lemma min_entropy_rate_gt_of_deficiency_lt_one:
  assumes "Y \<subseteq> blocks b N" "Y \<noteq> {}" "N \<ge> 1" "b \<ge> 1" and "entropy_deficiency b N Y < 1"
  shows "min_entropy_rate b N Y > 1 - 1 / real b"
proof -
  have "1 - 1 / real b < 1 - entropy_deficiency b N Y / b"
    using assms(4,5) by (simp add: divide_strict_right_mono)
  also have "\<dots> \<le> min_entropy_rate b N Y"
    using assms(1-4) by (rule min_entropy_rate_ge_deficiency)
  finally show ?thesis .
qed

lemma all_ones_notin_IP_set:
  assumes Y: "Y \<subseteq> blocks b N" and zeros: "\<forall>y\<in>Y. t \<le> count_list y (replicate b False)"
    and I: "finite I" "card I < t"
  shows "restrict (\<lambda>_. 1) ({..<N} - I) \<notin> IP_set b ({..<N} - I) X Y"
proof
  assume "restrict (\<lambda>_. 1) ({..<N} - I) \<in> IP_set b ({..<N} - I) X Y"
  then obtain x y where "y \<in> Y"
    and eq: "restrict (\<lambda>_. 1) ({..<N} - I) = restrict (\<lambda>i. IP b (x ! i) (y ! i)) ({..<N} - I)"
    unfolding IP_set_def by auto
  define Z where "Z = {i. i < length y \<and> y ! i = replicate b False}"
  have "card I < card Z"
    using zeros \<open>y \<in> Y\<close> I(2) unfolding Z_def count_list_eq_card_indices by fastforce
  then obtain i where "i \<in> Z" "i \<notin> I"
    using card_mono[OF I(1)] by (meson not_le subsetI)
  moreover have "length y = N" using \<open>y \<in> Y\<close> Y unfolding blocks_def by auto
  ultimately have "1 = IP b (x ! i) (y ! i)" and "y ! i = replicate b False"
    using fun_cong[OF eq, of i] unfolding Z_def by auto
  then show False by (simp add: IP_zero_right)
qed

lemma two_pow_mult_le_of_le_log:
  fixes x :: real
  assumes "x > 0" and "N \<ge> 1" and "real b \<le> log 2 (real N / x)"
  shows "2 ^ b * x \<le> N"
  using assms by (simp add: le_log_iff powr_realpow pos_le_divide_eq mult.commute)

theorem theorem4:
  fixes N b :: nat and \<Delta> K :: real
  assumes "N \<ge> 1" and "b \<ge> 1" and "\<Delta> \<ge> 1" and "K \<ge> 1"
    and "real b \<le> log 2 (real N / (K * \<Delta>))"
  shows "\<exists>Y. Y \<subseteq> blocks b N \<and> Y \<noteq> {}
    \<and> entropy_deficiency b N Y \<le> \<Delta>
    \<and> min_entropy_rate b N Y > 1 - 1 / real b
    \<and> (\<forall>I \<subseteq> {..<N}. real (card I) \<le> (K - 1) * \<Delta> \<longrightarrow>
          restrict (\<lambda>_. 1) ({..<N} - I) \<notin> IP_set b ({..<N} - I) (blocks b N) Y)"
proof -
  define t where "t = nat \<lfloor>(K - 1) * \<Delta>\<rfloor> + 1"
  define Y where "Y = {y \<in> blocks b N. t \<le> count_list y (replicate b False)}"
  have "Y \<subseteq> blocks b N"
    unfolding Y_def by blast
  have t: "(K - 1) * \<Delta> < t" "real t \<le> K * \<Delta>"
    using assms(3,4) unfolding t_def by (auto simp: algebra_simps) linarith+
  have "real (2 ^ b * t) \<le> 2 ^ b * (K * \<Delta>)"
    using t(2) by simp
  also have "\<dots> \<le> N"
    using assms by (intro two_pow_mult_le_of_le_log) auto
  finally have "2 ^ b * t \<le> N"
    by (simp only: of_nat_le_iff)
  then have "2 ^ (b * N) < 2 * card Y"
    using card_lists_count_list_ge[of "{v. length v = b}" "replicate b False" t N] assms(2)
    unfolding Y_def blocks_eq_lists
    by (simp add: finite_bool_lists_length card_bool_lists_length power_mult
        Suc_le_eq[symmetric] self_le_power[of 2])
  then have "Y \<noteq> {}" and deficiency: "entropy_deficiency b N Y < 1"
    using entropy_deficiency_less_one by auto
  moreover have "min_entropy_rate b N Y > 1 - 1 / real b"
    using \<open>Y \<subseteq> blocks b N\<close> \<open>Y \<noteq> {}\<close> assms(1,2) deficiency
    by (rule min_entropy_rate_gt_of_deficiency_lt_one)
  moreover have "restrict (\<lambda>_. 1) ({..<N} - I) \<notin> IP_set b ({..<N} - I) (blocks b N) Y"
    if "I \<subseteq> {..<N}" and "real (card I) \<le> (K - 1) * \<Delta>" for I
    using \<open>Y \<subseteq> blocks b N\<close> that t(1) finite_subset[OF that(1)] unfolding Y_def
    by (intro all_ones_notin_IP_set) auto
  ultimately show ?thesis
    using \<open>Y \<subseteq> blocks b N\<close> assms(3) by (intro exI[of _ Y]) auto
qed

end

============================================================

Instructions to follow: Every entry above should be transcribed exactly as it appears.

Result:
lemma min_entropy_rate_gt_of_deficiency_lt_one:
  assumes "Y \<subseteq> blocks b N" "Y \<noteq> {}" "N \<ge> 1" "b \<ge> 1" and "entropy_deficiency b N Y < 1"
  shows "min_entropy_rate b N Y > 1 - 1 / real b"
proof -
  have "1 - 1 / real b < 1 - entropy_deficiency b N Y / b"
    using assms(4,5) by (simp add: divide_strict_right_mono)
  also have "\<dots> \<le> min_entropy_rate b N Y"
    using assms(1-4) by (rule min_entropy_rate_ge_deficiency)
  finally show ?thesis .
qed

lemma all_ones_notin_IP_set:
  assumes Y: "Y \<subseteq> blocks b N" and zeros: "\<forall>y\<in>Y. t \<le> count_list y (replicate b False)"
    and I: "finite I" "card I < t"
  shows "restrict (\<lambda>_. 1) ({..<N} - I) \<notin> IP_set b ({..<N} - I) X Y"
proof
  assume "restrict (\<lambda>_. 1) ({..<N} - I) \<in> IP_set b ({..<N} - I) X Y"
  then obtain x y where "y \<in> Y"
    and eq: "restrict (\<lambda>_. 1) ({..<N} - I) = restrict (\<lambda>i. IP b (x ! i) (y ! i)) ({..<N} - I)"
    unfolding IP_set_def by auto
  define Z where "Z = {i. i < length y \<and> y ! i = replicate b False}"
  have "card I < card Z"
    using zeros \<open>y \<in> Y\<close> I(2) unfolding Z_def count_list_eq_card_indices by fastforce
  then obtain i where "i \<in> Z" "i \<notin> I"
    using card_mono[OF I(1)] by (meson not_le subsetI)
  moreover have "length y = N" using \<open>y \<in> Y\<close> Y unfolding blocks_def by auto
  ultimately have "1 = IP b (x ! i) (y ! i)" and "y ! i = replicate b False"
    using fun_cong[OF eq, of i] unfolding Z_def by auto
  then show False by (simp add: IP_zero_right)
qed

lemma two_pow_mult_le_of_le_log:
  fixes x :: real
  assumes "x > 0" and "N \<ge> 1" and "real b \<le> log 2 (real N / x)"
  shows "2 ^ b * x \<le> N"
  using assms by (simp add: le_log_iff powr_realpow pos_le_divide_eq mult.commute)

theorem theorem4:
  fixes N b :: nat and \<Delta> K :: real
  assumes "N \<ge> 1" and "b \<ge> 1" and "\<Delta> \<ge> 1" and "K \<ge> 1"
    and "real b \<le> log 2 (real N / (K * \<Delta>))"
  shows "\<exists>Y. Y \<subseteq> blocks b N \<and> Y \<noteq> {}
    \<and> entropy_deficiency b N Y \<le> \<Delta>
    \<and> min_entropy_rate b N Y > 1 - 1 / real b
    \<and> (\<forall>I \<subseteq> {..<N}. real (card I) \<le> (K - 1) * \<Delta> \<longrightarrow>
          restrict (\<lambda>_. 1) ({..<N} - I) \<notin> IP_set b ({..<N} - I) (blocks b N) Y)"
proof -
  define t where "t = nat \<lfloor>(K - 1) * \<Delta>\<rfloor> + 1"
  define Y where "Y = {y \<in> blocks b N. t \<le> count_list y (replicate b False)}"
  have "Y \<subseteq> blocks b N"
    unfolding Y_def by blast
  have t: "(K - 1) * \<Delta> < t" "real t \<le> K * \<Delta>"
    using assms(3,4) unfolding t_def by (auto simp: algebra_simps) linarith+
  have "real (2 ^ b * t) \<le> 2 ^ b * (K * \<Delta>)"
    using t(2) by simp
  also have "\<dots> \<le> N"
    using assms by (intro two_pow_mult_le_of_le_log) auto
  finally have "2 ^ b * t \<le> N"
    by (simp only: of_nat_le_iff)
  then have "2 ^ (b * N) < 2 * card Y"
    using card_lists_count_list_ge[of "{v. length v = b}" "replicate b False" t N] assms(2)
    unfolding Y_def blocks_eq_lists
    by (simp add: finite_bool_lists_length card_bool_lists_length power_mult
        Suc_le_eq[symmetric] self_le_power[of 2])
  then have "Y \<noteq> {}" and deficiency: "entropy_deficiency b N Y < 1"
    using entropy_deficiency_less_one by auto
  moreover have "min_entropy_rate b N Y > 1 - 1 / real b"
    using \<open>Y \<subseteq> blocks b N\<close> \<open>Y \<noteq> {}\<close> assms(1,2) deficiency
    by (rule min_entropy_rate_gt_of_deficiency_lt_one)
  moreover have "restrict (\<lambda>_. 1) ({..<N} - I) \<notin> IP_set b ({..<N} - I) (blocks b N) Y"
    if "I \<subseteq> {..<N}" and "real (card I) \<le> (K - 1) * \<Delta>" for I
    using \<open>Y \<subseteq> blocks b N\<close> that t(1) finite_subset[OF that(1)] unfolding Y_def
    by (intro all_ones_notin_IP_set) auto
  ultimately show ?thesis
    using \<open>Y \<subseteq> blocks b N\<close> assms(3) by (intro exI[of _ Y]) auto
qed

end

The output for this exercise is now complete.